[Records from a collection]

:::

(* Let $n\ge1$, $a>0$, $d>0$, and $t\ge a+d$. Then for every $f\in\mathcal{E}_n^-$, $$|f(t)| \le \left(\frac{2e(t-a)}{d}\right)^n\|f\|_{[a,a+d]} \le \left(\frac{2et}{d}\right)^n\|f\|_{[a,a+d]}.$$
   Context: $\mathcal{E}_n^-$ denotes the set of all functions $f(t)=\sum_{j=1}^na_je^{\lambda_jt}$ ($t\in\mathbb{R}$) with $a_j,\lambda_j\in\mathbb{C}$ and $\mathrm{Re}(\lambda_j)\le0$ for all $j$. $\|f\|_{[a,a+d]}:=\sup_{s\in[a,a+d]}|f(s)|$. *)

theory Defs
  imports "HOL-Analysis.Analysis"
begin

definition exp_sums_neg :: "nat \<Rightarrow> (real \<Rightarrow> complex) set" where
  "exp_sums_neg n = {f. \<exists>c lam :: nat \<Rightarrow> complex.
      (\<forall>j\<in>{1..n}. Re (lam j) \<le> 0) \<and>
      (\<forall>t. f t = (\<Sum>j=1..n. c j * exp (lam j * complex_of_real t)))}"

definition sup_norm_on :: "(real \<Rightarrow> complex) \<Rightarrow> real \<Rightarrow> real \<Rightarrow> real" where
  "sup_norm_on f a d = (SUP s\<in>{a..a+d}. cmod (f s))"

end

theory Submission
  imports Defs
begin

text \<open>Sample \<open>f\<close> on a grid \<open>a + k h\<close> whose first \<open>n\<close> points lie in \<open>[a, a + d]\<close>
  and whose \<open>m\<close>-th point is \<open>t\<close>, with \<open>m \<le> n (t - a) / d\<close>. The samples are power sums
  \<open>u k = (\<Sum>j. c j * w j ^ k)\<close> with \<open>\<bar>w j\<bar> \<le> 1\<close>, and \<open>u (k + 1) - w n * u k\<close> is a power
  sum with one node fewer whose first \<open>n - 1\<close> values are at most twice as large. Induction on
  \<open>n\<close> bounds \<open>\<bar>u m\<bar>\<close> by \<open>(\<Sum>i<n. 2 ^ i * (m choose i))\<close> times the largest of the first \<open>n\<close>
  samples, and \<open>m choose i \<le> m ^ i / i!\<close> turns this factor into at most \<open>(2 e (t - a) / d) ^ n\<close>.\<close>

definition power_sum_growth :: "nat \<Rightarrow> nat \<Rightarrow> real" where
  "power_sum_growth n m = (\<Sum>i<n. 2 ^ i * real (m choose i))"

lemma sum_choose_lessThan: "(\<Sum>k<m. k choose i) = m choose Suc i"
  by (cases m) (simp_all add: lessThan_Suc_atMost sum_choose_upper)

lemma power_sum_growth_Suc:
  "power_sum_growth (Suc n) m = 1 + 2 * (\<Sum>k<m. power_sum_growth n k)"
proof -
  have "(\<Sum>k<m. power_sum_growth n k) = (\<Sum>i<n. 2 ^ i * real (m choose Suc i))"
    unfolding power_sum_growth_def
    by (subst sum.swap) (simp add: sum_choose_lessThan flip: sum_distrib_left of_nat_sum)
  then show ?thesis
    unfolding power_sum_growth_def sum.lessThan_Suc_shift by (simp add: sum_distrib_left mult.assoc)
qed

lemma norm_linear_recurrence_le:
  fixes u v :: "nat \<Rightarrow> 'a::real_normed_div_algebra"
  assumes "\<And>k. u (Suc k) = v k + z * u k" and "norm z \<le> 1"
  shows "norm (u m) \<le> norm (u 0) + (\<Sum>k<m. norm (v k))"
proof (induction m)
  case (Suc m)
  have "norm (u (Suc m)) \<le> norm (v m) + norm (z * u m)"
    by (simp add: assms(1) norm_triangle_ineq)
  also have "\<dots> \<le> norm (v m) + norm (u m)"
    using assms(2) by (simp add: norm_mult mult_left_le_one_le)
  finally show ?case using Suc.IH by simp
qed simp

lemma norm_power_sum_le:
  fixes c w :: "nat \<Rightarrow> 'a::real_normed_field"
  assumes "\<forall>j\<in>{1..n}. norm (w j) \<le> 1"
    and "\<forall>i<n. norm (\<Sum>j=1..n. c j * w j ^ i) \<le> M"
  shows "norm (\<Sum>j=1..n. c j * w j ^ m) \<le> power_sum_growth n m * M"
  using assms
proof (induction n arbitrary: c w M m)
  case 0
  then show ?case by (simp add: power_sum_growth_def)
next
  case (Suc n)
  define z where "z = w (Suc n)"
  define u where "u k = (\<Sum>j=1..Suc n. c j * w j ^ k)" for k
  define v where "v k = (\<Sum>j=1..n. (c j * (w j - z)) * w j ^ k)" for k
  have u_Suc: "u (Suc k) = v k + z * u k" for k
    unfolding u_def v_def z_def
    by (simp add: sum.distrib sum_distrib_left sum_subtractf algebra_simps)
  have z: "norm z \<le> 1"
    using Suc.prems(1) by (simp add: z_def)
  have u: "norm (u i) \<le> M" if "i < Suc n" for i
    using Suc.prems(2) that by (simp add: u_def)
  have "norm (v i) \<le> 2 * M" if "i < n" for i
  proof -
    have "norm (v i) \<le> norm (u (Suc i)) + norm (z * u i)"
      using u_Suc[of i] by (metis add_diff_cancel_right' norm_triangle_ineq4)
    also have "\<dots> \<le> norm (u (Suc i)) + norm (u i)"
      using z by (simp add: norm_mult mult_left_le_one_le)
    finally show ?thesis
      using u[of i] u[of "Suc i"] that by simp
  qed
  then have v: "norm (v k) \<le> power_sum_growth n k * (2 * M)" for k
    using Suc.IH[of w "\<lambda>j. c j * (w j - z)"] Suc.prems(1) by (simp add: v_def)
  have "norm (u m) \<le> norm (u 0) + (\<Sum>k<m. norm (v k))"
    by (rule norm_linear_recurrence_le[where u = u and v = v, OF u_Suc z])
  also have "\<dots> \<le> M + (\<Sum>k<m. power_sum_growth n k * (2 * M))"
    using u[of 0] v by (intro add_mono sum_mono) auto
  also have "\<dots> = power_sum_growth (Suc n) m * M"
    by (simp add: power_sum_growth_Suc sum_distrib_left sum_distrib_right algebra_simps)
  finally show ?case unfolding u_def .
qed

lemma binomial_le_pow_div_fact: "real (m choose i) \<le> real m ^ i / fact i"
proof -
  have "real (m choose i) * fact i \<le> real m ^ i"
    using binomial_fact_pow[of m i] by (metis of_nat_fact of_nat_le_iff of_nat_mult of_nat_power)
  then show ?thesis by (simp add: field_simps)
qed

lemma sum_pow_div_fact_le_exp:
  fixes x :: real
  assumes "0 \<le> x"
  shows "(\<Sum>i<n. x ^ i / fact i) \<le> exp x"
proof -
  have "(\<Sum>i<n. inverse (fact i) * x ^ i) \<le> (\<Sum>i. inverse (fact i) * x ^ i)"
    using assms by (intro sum_le_suminf summable_exp) auto
  then show ?thesis by (simp add: exp_def field_simps)
qed

lemma power_sum_growth_le:
  fixes x :: real
  assumes "n \<ge> 1" and "x \<ge> 1" and "real m \<le> real n * x"
  shows "power_sum_growth n m \<le> (2 * exp 1 * x) ^ n"
proof -
  have "2 ^ i * real (m choose i) \<le> 2 ^ (n - 1) * (x ^ (n - 1) * (real n ^ i / fact i))"
    if "i < n" for i
  proof (rule mult_mono)
    have "real (m choose i) \<le> (real n * x) ^ i / fact i"
      using binomial_le_pow_div_fact[of m i] assms(3)
      by (meson divide_right_mono fact_ge_zero of_nat_0_le_iff order_trans power_mono)
    also have "\<dots> = x ^ i * (real n ^ i / fact i)"
      by (simp add: power_mult_distrib)
    also have "\<dots> \<le> x ^ (n - 1) * (real n ^ i / fact i)"
      using that assms(2) by (intro mult_right_mono power_increasing) auto
    finally show "real (m choose i) \<le> x ^ (n - 1) * (real n ^ i / fact i)" .
  qed (use that in \<open>auto intro: power_increasing\<close>)
  then have "power_sum_growth n m \<le> (\<Sum>i<n. 2 ^ (n - 1) * (x ^ (n - 1) * (real n ^ i / fact i)))"
    unfolding power_sum_growth_def by (intro sum_mono) auto
  also have "\<dots> = 2 ^ (n - 1) * x ^ (n - 1) * (\<Sum>i<n. real n ^ i / fact i)"
    by (simp add: sum_distrib_left mult.assoc)
  also have "\<dots> \<le> 2 ^ (n - 1) * x ^ (n - 1) * exp 1 ^ n"
    using assms(2) sum_pow_div_fact_le_exp[of "real n" n]
    by (simp add: exp_of_nat_mult[symmetric] mult_left_mono)
  also have "\<dots> \<le> 2 ^ n * x ^ n * exp 1 ^ n"
    using assms by (intro mult_right_mono mult_mono power_increasing) auto
  finally show ?thesis by (simp add: power_mult_distrib mult_ac)
qed

lemma exp_sums_neg_continuous_on:
  assumes "f \<in> exp_sums_neg n"
  shows "continuous_on S f"
proof -
  obtain c lam :: "nat \<Rightarrow> complex"
    where "f = (\<lambda>t. \<Sum>j=1..n. c j * exp (lam j * complex_of_real t))"
    using assms unfolding exp_sums_neg_def by blast
  then show ?thesis by (simp add: continuous_intros)
qed

lemma norm_le_sup_norm_on:
  assumes "continuous_on {a..a+d} f" and "s \<in> {a..a+d}"
  shows "cmod (f s) \<le> sup_norm_on f a d"
proof -
  have "compact ((\<lambda>s. cmod (f s)) ` {a..a+d})"
    using assms(1) by (intro compact_continuous_image continuous_on_norm) auto
  then have "bdd_above ((\<lambda>s. cmod (f s)) ` {a..a+d})"
    by (intro bounded_imp_bdd_above compact_imp_bounded)
  then show ?thesis
    unfolding sup_norm_on_def using assms(2) by (rule cSUP_upper2) simp
qed

lemma exp_sums_neg_grid_bound:
  assumes "f \<in> exp_sums_neg n" and "h \<ge> 0"
    and "\<forall>i<n. cmod (f (a + real i * h)) \<le> M"
  shows "cmod (f (a + real m * h)) \<le> power_sum_growth n m * M"
proof -
  obtain c lam :: "nat \<Rightarrow> complex" where lam: "\<forall>j\<in>{1..n}. Re (lam j) \<le> 0"
    and f: "\<And>t. f t = (\<Sum>j=1..n. c j * exp (lam j * complex_of_real t))"
    using assms(1) unfolding exp_sums_neg_def by blast
  define c' where "c' j = c j * exp (lam j * complex_of_real a)" for j
  define w where "w j = exp (lam j * complex_of_real h)" for j
  have f_grid: "f (a + real k * h) = (\<Sum>j=1..n. c' j * w j ^ k)" for k
    unfolding f c'_def w_def
    by (simp add: exp_of_nat_mult[symmetric] distrib_left exp_add mult_ac)
  have "\<forall>j\<in>{1..n}. cmod (w j) \<le> 1"
    using lam assms(2) by (simp add: w_def norm_exp_eq_Re mult_nonpos_nonneg)
  from norm_power_sum_le[OF this] show ?thesis
    using assms(3) by (simp add: f_grid)
qed

lemma obtain_nat_between:
  fixes x :: real
  assumes "n \<ge> 1" and "x \<ge> 1"
  obtains m :: nat where "m \<ge> 1" and "real (n - 1) * x \<le> real m" and "real m \<le> real n * x"
proof
  have nx: "1 \<le> real n * x"
    using assms mult_mono[of 1 "real n" 1 x] by simp
  have fl: "real n * x - 1 < of_int \<lfloor>real n * x\<rfloor>" "of_int \<lfloor>real n * x\<rfloor> \<le> real n * x"
    by linarith+
  then have nn: "real (nat \<lfloor>real n * x\<rfloor>) = of_int \<lfloor>real n * x\<rfloor>"
    using nx by simp
  show "nat \<lfloor>real n * x\<rfloor> \<ge> 1"
    using fl nn nx by linarith
  show "real (nat \<lfloor>real n * x\<rfloor>) \<le> real n * x"
    using fl nn by simp
  have "real (n - 1) * x = real n * x - x"
    using assms(1) by (simp add: of_nat_diff algebra_simps)
  then show "real (n - 1) * x \<le> real (nat \<lfloor>real n * x\<rfloor>)"
    using fl nn assms(2) by linarith
qed

theorem lemma12p2:
  fixes n :: nat and a d t :: real and f :: "real \<Rightarrow> complex"
  assumes "n \<ge> 1" and "a > 0" and "d > 0" and "t \<ge> a + d"
    and "f \<in> exp_sums_neg n"
  shows "cmod (f t) \<le> (2 * exp 1 * (t - a) / d) ^ n * sup_norm_on f a d
         \<and> (2 * exp 1 * (t - a) / d) ^ n * sup_norm_on f a d
             \<le> (2 * exp 1 * t / d) ^ n * sup_norm_on f a d"
proof -
  define N where "N = sup_norm_on f a d"
  have sup: "cmod (f s) \<le> N" if "s \<in> {a..a+d}" for s
    unfolding N_def by (rule norm_le_sup_norm_on[OF exp_sums_neg_continuous_on[OF assms(5)] that])
  have N: "N \<ge> 0"
    using sup[of a] assms(3) by (simp add: order_trans[OF norm_ge_zero])
  define x where "x = (t - a) / d"
  have x: "x \<ge> 1"
    using assms(3,4) by (simp add: x_def)
  obtain m where m: "m \<ge> 1" "real (n - 1) * x \<le> real m" "real m \<le> real n * x"
    using obtain_nat_between[OF assms(1) x] .
  define h where "h = (t - a) / real m"
  have h: "h \<ge> 0" and t: "a + real m * h = t"
    using assms(4,3) m(1) by (simp_all add: h_def)
  have "\<forall>i<n. cmod (f (a + real i * h)) \<le> N"
  proof (intro allI impI sup)
    fix i assume "i < n"
    then have "real i * h \<le> real (n - 1) * h"
      using h by (intro mult_right_mono) auto
    also have "\<dots> = real (n - 1) * x * d / real m"
      using assms(3) by (simp add: h_def x_def)
    also have "\<dots> \<le> d"
      using m(1,2) assms(3) by (simp add: divide_le_eq mult.commute mult_left_mono)
    finally show "a + real i * h \<in> {a..a+d}"
      using h by simp
  qed
  then have "cmod (f t) \<le> power_sum_growth n m * N"
    using exp_sums_neg_grid_bound[OF assms(5) h] t by metis
  also have "\<dots> \<le> (2 * exp 1 * (t - a) / d) ^ n * N"
    using power_sum_growth_le[OF assms(1) x m(3)] N by (simp add: x_def mult_right_mono)
  finally have "cmod (f t) \<le> (2 * exp 1 * (t - a) / d) ^ n * N" .
  moreover have "(2 * exp 1 * (t - a) / d) ^ n * N \<le> (2 * exp 1 * t / d) ^ n * N"
    using assms(2-4) N by (intro mult_right_mono power_mono divide_right_mono) auto
  ultimately show ?thesis
    unfolding N_def ..
qed

end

:::

--- Your task ---
Give back exactly the lines from the first line of the records through the line holding "sum with one", including both of those lines and leaving out all others.

--- Exercise output ---
(* Let $n\ge1$, $a>0$, $d>0$, and $t\ge a+d$. Then for every $f\in\mathcal{E}_n^-$, $$|f(t)| \le \left(\frac{2e(t-a)}{d}\right)^n\|f\|_{[a,a+d]} \le \left(\frac{2et}{d}\right)^n\|f\|_{[a,a+d]}.$$
   Context: $\mathcal{E}_n^-$ denotes the set of all functions $f(t)=\sum_{j=1}^na_je^{\lambda_jt}$ ($t\in\mathbb{R}$) with $a_j,\lambda_j\in\mathbb{C}$ and $\mathrm{Re}(\lambda_j)\le0$ for all $j$. $\|f\|_{[a,a+d]}:=\sup_{s\in[a,a+d]}|f(s)|$. *)

theory Defs
  imports "HOL-Analysis.Analysis"
begin

definition exp_sums_neg :: "nat \<Rightarrow> (real \<Rightarrow> complex) set" where
  "exp_sums_neg n = {f. \<exists>c lam :: nat \<Rightarrow> complex.
      (\<forall>j\<in>{1..n}. Re (lam j) \<le> 0) \<and>
      (\<forall>t. f t = (\<Sum>j=1..n. c j * exp (lam j * complex_of_real t)))}"

definition sup_norm_on :: "(real \<Rightarrow> complex) \<Rightarrow> real \<Rightarrow> real \<Rightarrow> real" where
  "sup_norm_on f a d = (SUP s\<in>{a..a+d}. cmod (f s))"

end

theory Submission
  imports Defs
begin

text \<open>Sample \<open>f\<close> on a grid \<open>a + k h\<close> whose first \<open>n\<close> points lie in \<open>[a, a + d]\<close>
  and whose \<open>m\<close>-th point is \<open>t\<close>, with \<open>m \<le> n (t - a) / d\<close>. The samples are power sums
  \<open>u k = (\<Sum>j. c j * w j ^ k)\<close> with \<open>\<bar>w j\<bar> \<le> 1\<close>, and \<open>u (k + 1) - w n * u k\<close> is a power
  sum with one node fewer whose first \<open>n - 1\<close> values are at most twice as large. Induction on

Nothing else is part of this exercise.